| Extracted information |
+---+
lemma vangle_gt_pi_div_3:
  fixes x y :: "real^2"
  assumes "0 < norm x" "norm x < norm y" "norm y \<le> norm (x - y)"
  shows "pi / 3 < vangle x y"
proof -
  define r where "r = (x \<bullet> y) / (norm x * norm y)"
  have "norm y ^ 2 \<le> norm (x - y) ^ 2"
    using assms(3) by (simp add: power_mono)
  also have "\<dots> = norm x ^ 2 + norm y ^ 2 - 2 * (x \<bullet> y)"
    by (simp add: power2_norm_eq_inner inner_diff_left inner_diff_right inner_commute)
  finally have "2 * (x \<bullet> y) \<le> norm x ^ 2"
    by simp
  also have "\<dots> < norm x * norm y"
    using assms by (simp add: power2_eq_square)
  finally have "r < 1 / 2"
    using assms unfolding r_def by (simp add: divide_less_eq not_less)
  moreover have "- 1 \<le> r"
    using Cauchy_Schwarz_ineq2[of x y] assms unfolding r_def
    by (simp add: le_divide_eq abs_le_iff)
  ultimately have "arccos (1 / 2) < arccos r"
    by (intro arccos_less_arccos) auto
  then show ?thesis
    by (simp add: vangle_def r_def)
qed

text \<open>\<open>q\<close> is the quadratic form with Gram matrix \<open>[[X, c], [c, Y]]\<close> of two vectors \<open>x\<close>, \<open>y\<close>:
  \<open>q a b\<close>, \<open>q (a - 1) b\<close>, \<open>q a (b - 1)\<close> and \<open>q (a - 1) (b - 1)\<close> are the squared distances
  of \<open>a x + b y\<close> from \<open>0\<close>, \<open>x\<close>, \<open>y\<close> and \<open>x + y\<close>.\<close>

context
  fixes X c Y :: real and q :: "real \<Rightarrow> real \<Rightarrow> real"
  assumes q_eq: "\<And>s t. q s t = s\<^sup>2 * X + 2 * s * t * c + t\<^sup>2 * Y"
begin
(* On the $\kappa G^\#$-module $\Lambda_G$: (i) the dot product and the bracket are $\kappa G^\#$-bilinear; the dot product is symmetric and the bracket skew-symmetric; (ii) the bracket satisfies the Jacobi identity $[[\vec x,\vec y],\vec z]+[[\vec y,\vec z],\vec x]+[[\vec z,\vec x],\vec y]=0$; (iii) the map $(\vec x,\vec y,\vec z)\mapsto[\vec x,\vec y]\cdot\vec z$ is an alternating trilinear map; (iv) $[[\vec x,\vec y],\vec z]=(\vec x\cdot\vec z)\vec y-(\vec y\cdot\vec z)\vec x$ for all $\vec x,\vec y,\vec z\in\Lambda_G$.
   Context: Let $\kappa$ be a field of characteristic $0$ and $G$ a group. Let $*:\kappa G\to\kappa G$ be the $\kappa$-linear map with $g^*=g^{-1}$, $(\kappa G)^*$ its fixed points, and $A_G$ the quotient of $\kappa G$ by the two-sided ideal generated by all $ab-ba$, $a\in\kappa G$, $b\in(\kappa G)^*$; $*$ descends to $A_G$. Let $\kappa G^\#=\{x\in A_G:x^*=x\}$ (a commutative subring of the centre of $A_G$) and $\Lambda_G=\{x\in A_G:x^*=-x\}$, a $\kappa G^\#$-module. For $\vec x,\vec y\in\Lambda_G$ define $\vec x\cdot\vec y=-\tfrac12(\vec x\vec y+\vec y\vec x)\in\kappa G^\#$ and $[\vec x,\vec y]=\tfrac12(\vec x\vec y-\vec y\vec x)\in\Lambda_G$. *)

theory Defs
  imports "HOL-Algebra.Group" "HOL-Library.Function_Algebras"
begin
lemma closed_2_regular_edges_contain_cycle_component:
  assumes "R \<subseteq> E" "e \<in> R" "\<forall>a\<in>E. \<forall>b\<in>R. inc a \<inter> inc b \<noteq> {} \<longrightarrow> a \<in> R"
    and "\<forall>v\<in>verts inc R. degree E inc v = 2"
  shows "\<exists>F. is_component E inc F \<and> is_cycle_graph inc F"
proof -
  define F where "F = edge_component E inc e"
  have comp: "is_component E inc F"
    unfolding F_def using assms(1,2) by (intro is_component_edge_component) auto
  have "F \<subseteq> R"
    unfolding F_def using assms(2,3) by (rule edge_component_subset_closed)
  have "degree F inc v = 2" if "v \<in> verts inc F" for v
  proof -
    have "\<forall>a\<in>E. v \<in> inc a \<longrightarrow> a \<in> F"
      using comp that unfolding is_component_def by blast
    then have "degree F inc v = degree E inc v"
      using comp unfolding is_component_def by (intro degree_eq_if_incident_edges_in) auto
    moreover have "v \<in> verts inc R"
      using that verts_mono[OF \<open>F \<subseteq> R\<close>, of inc] by blast
    ultimately show ?thesis
      using assms(4) by simp
  qed
  with comp show ?thesis
    unfolding is_cycle_graph_def is_component_def by blast
qed

locale finite_graph =
  fixes E :: "'e set" and inc :: "'e \<Rightarrow> 'v set"
  assumes graph: "graph E inc"
begin

lemma finite_edges: "finite E"
  using graph by (simp add: graph_def)

lemma card_inc: "e \<in> E \<Longrightarrow> card (inc e) = 1 \<or> card (inc e) = 2"
  using graph by (simp add: graph_def)

lemma inc_finite: "e \<in> E \<Longrightarrow> finite (inc e)"
  using card_inc card.infinite by fastforce

lemma inc_nonempty: "e \<in> E \<Longrightarrow> inc e \<noteq> {}"
  using card_inc by fastforce

lemma finite_verts: "X \<subseteq> E \<Longrightarrow> finite (verts inc X)"
  unfolding verts_def using inc_finite finite_edges finite_subset by blast

lemma excess_supermodular:
  assumes "A \<subseteq> E" "B \<subseteq> E"
  shows "excess inc A + excess inc B \<le> excess inc (A \<union> B) + excess inc (A \<inter> B)"
proof -
  have "finite A" "finite B"
    using assms finite_edges finite_subset by auto
  then have edges: "card (A \<union> B) + card (A \<inter> B) = card A + card B"
    by (metis card_Un_Int)
  have "finite (verts inc A)" "finite (verts inc B)"
    using assms finite_verts by auto
  then have vertices: "card (verts inc A \<union> verts inc B) + card (verts inc A \<inter> verts inc B)
      = card (verts inc A) + card (verts inc B)"
    by (metis card_Un_Int)
  have "verts inc (A \<inter> B) \<subseteq> verts inc A \<inter> verts inc B"
    by (auto simp: verts_def)
  then have "card (verts inc (A \<inter> B)) \<le> card (verts inc A \<inter> verts inc B)"
    using \<open>finite (verts inc A)\<close> by (simp add: card_mono)
  then show ?thesis
    unfolding excess_def verts_Un using edges vertices by linarith
qed

lemma excess_remove_le:
  assumes "X \<subseteq> E" "z \<in> X"
  shows "excess inc X \<le> excess inc (X - {z}) + 1"
proof -
  have "card (X - {z}) = card X - 1" "card X \<ge> 1"
    using assms finite_edges finite_subset by (auto simp: card_gt_0_iff Suc_le_eq)
  moreover have "card (verts inc (X - {z})) \<le> card (verts inc X)"
    using finite_verts[OF assms(1)] verts_mono[of "X - {z}" X inc] by (simp add: card_mono)
  ultimately show ?thesis
    unfolding excess_def by linarith
qed

sublocale unit_supermodular E "excess inc"
proof
  show "excess inc {} = 0"
    by (simp add: excess_def verts_def)
qed (simp_all add: finite_edges excess_supermodular excess_remove_le)

lemma Mk_circuits_eq: "Mk_circuits k E inc = {C. level_circuit (int k) C}"
proof -
  have "card D = card (verts inc D) + k \<longleftrightarrow> excess inc D = int k" for D
    unfolding excess_def by auto
  then show ?thesis
    unfolding Mk_circuits_def level_circuit_def by auto
qed

lemma excess_Un_disjoint_verts:
  assumes "A \<subseteq> E" "B \<subseteq> E" "verts inc A \<inter> verts inc B = {}"
  shows "excess inc (A \<union> B) = excess inc A + excess inc B"
proof -
  have "A \<inter> B = {}"
  proof (rule ccontr)
    assume "A \<inter> B \<noteq> {}"
    then obtain e where "e \<in> A" "e \<in> B"
      by blast
    moreover obtain v where "v \<in> inc e"
      using inc_nonempty \<open>e \<in> A\<close> assms(1) by blast
    ultimately show False
      using assms(3) unfolding verts_def by blast
  qed
  then have "card (A \<union> B) = card A + card B"
    using assms finite_edges finite_subset by (intro card_Un_disjoint) auto
  moreover have "card (verts inc (A \<union> B)) = card (verts inc A) + card (verts inc B)"
    unfolding verts_Un using assms finite_verts by (intro card_Un_disjoint) auto
  ultimately show ?thesis
    unfolding excess_def by simp
qed

lemma end_weight_card: "e \<in> E \<Longrightarrow> end_weight inc e * card (inc e) = 2"
  using card_inc by (auto simp: end_weight_def is_loop_def)

lemma not_leaf_degree_ge_2:
  assumes "\<not> is_leaf E inc v" "v \<in> verts inc E"
  shows "2 \<le> degree E inc v"
proof (cases "\<exists>e\<in>E. v \<in> inc e \<and> is_loop inc e")
  case True
  then have "{e\<in>E. v \<in> inc e \<and> is_loop inc e} \<noteq> {}"
    by blast
  then have "card {e\<in>E. v \<in> inc e \<and> is_loop inc e} \<ge> 1"
    using finite_edges by (simp add: Suc_le_eq card_gt_0_iff)
  then show ?thesis
    unfolding degree_def by linarith
next
  case False
  obtain e where e: "e \<in> E" "v \<in> inc e"
    using assms(2) unfolding verts_def by auto
  with False have "\<not> is_loop inc e"
    by blast
  with assms(1) e obtain e' where e': "e' \<in> E" "v \<in> inc e'" "e' \<noteq> e"
    unfolding is_leaf_def by blast
  with e False have "{e, e'} \<subseteq> {e\<in>E. v \<in> inc e \<and> \<not> is_loop inc e}"
    by blast
  then have "card {e, e'} \<le> card {e\<in>E. v \<in> inc e \<and> \<not> is_loop inc e}"
    using finite_edges by (intro card_mono) auto
  with e' show ?thesis
    unfolding degree_def by simp
qed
+---+
| Exercise details |
Would you reproduce, word for word, the lines from the one holding "(A \<union> B))" through the final line of the entries, both included?

| Your response |
  moreover have "card (verts inc (A \<union> B)) = card (verts inc A) + card (verts inc B)"
    unfolding verts_Un using assms finite_verts by (intro card_Un_disjoint) auto
  ultimately show ?thesis
    unfolding excess_def by simp
qed

lemma end_weight_card: "e \<in> E \<Longrightarrow> end_weight inc e * card (inc e) = 2"
  using card_inc by (auto simp: end_weight_def is_loop_def)

lemma not_leaf_degree_ge_2:
  assumes "\<not> is_leaf E inc v" "v \<in> verts inc E"
  shows "2 \<le> degree E inc v"
proof (cases "\<exists>e\<in>E. v \<in> inc e \<and> is_loop inc e")
  case True
  then have "{e\<in>E. v \<in> inc e \<and> is_loop inc e} \<noteq> {}"
    by blast
  then have "card {e\<in>E. v \<in> inc e \<and> is_loop inc e} \<ge> 1"
    using finite_edges by (simp add: Suc_le_eq card_gt_0_iff)
  then show ?thesis
    unfolding degree_def by linarith
next
  case False
  obtain e where e: "e \<in> E" "v \<in> inc e"
    using assms(2) unfolding verts_def by auto
  with False have "\<not> is_loop inc e"
    by blast
  with assms(1) e obtain e' where e': "e' \<in> E" "v \<in> inc e'" "e' \<noteq> e"
    unfolding is_leaf_def by blast
  with e False have "{e, e'} \<subseteq> {e\<in>E. v \<in> inc e \<and> \<not> is_loop inc e}"
    by blast
  then have "card {e, e'} \<le> card {e\<in>E. v \<in> inc e \<and> \<not> is_loop inc e}"
    using finite_edges by (intro card_mono) auto
  with e' show ?thesis
    unfolding degree_def by simp
qed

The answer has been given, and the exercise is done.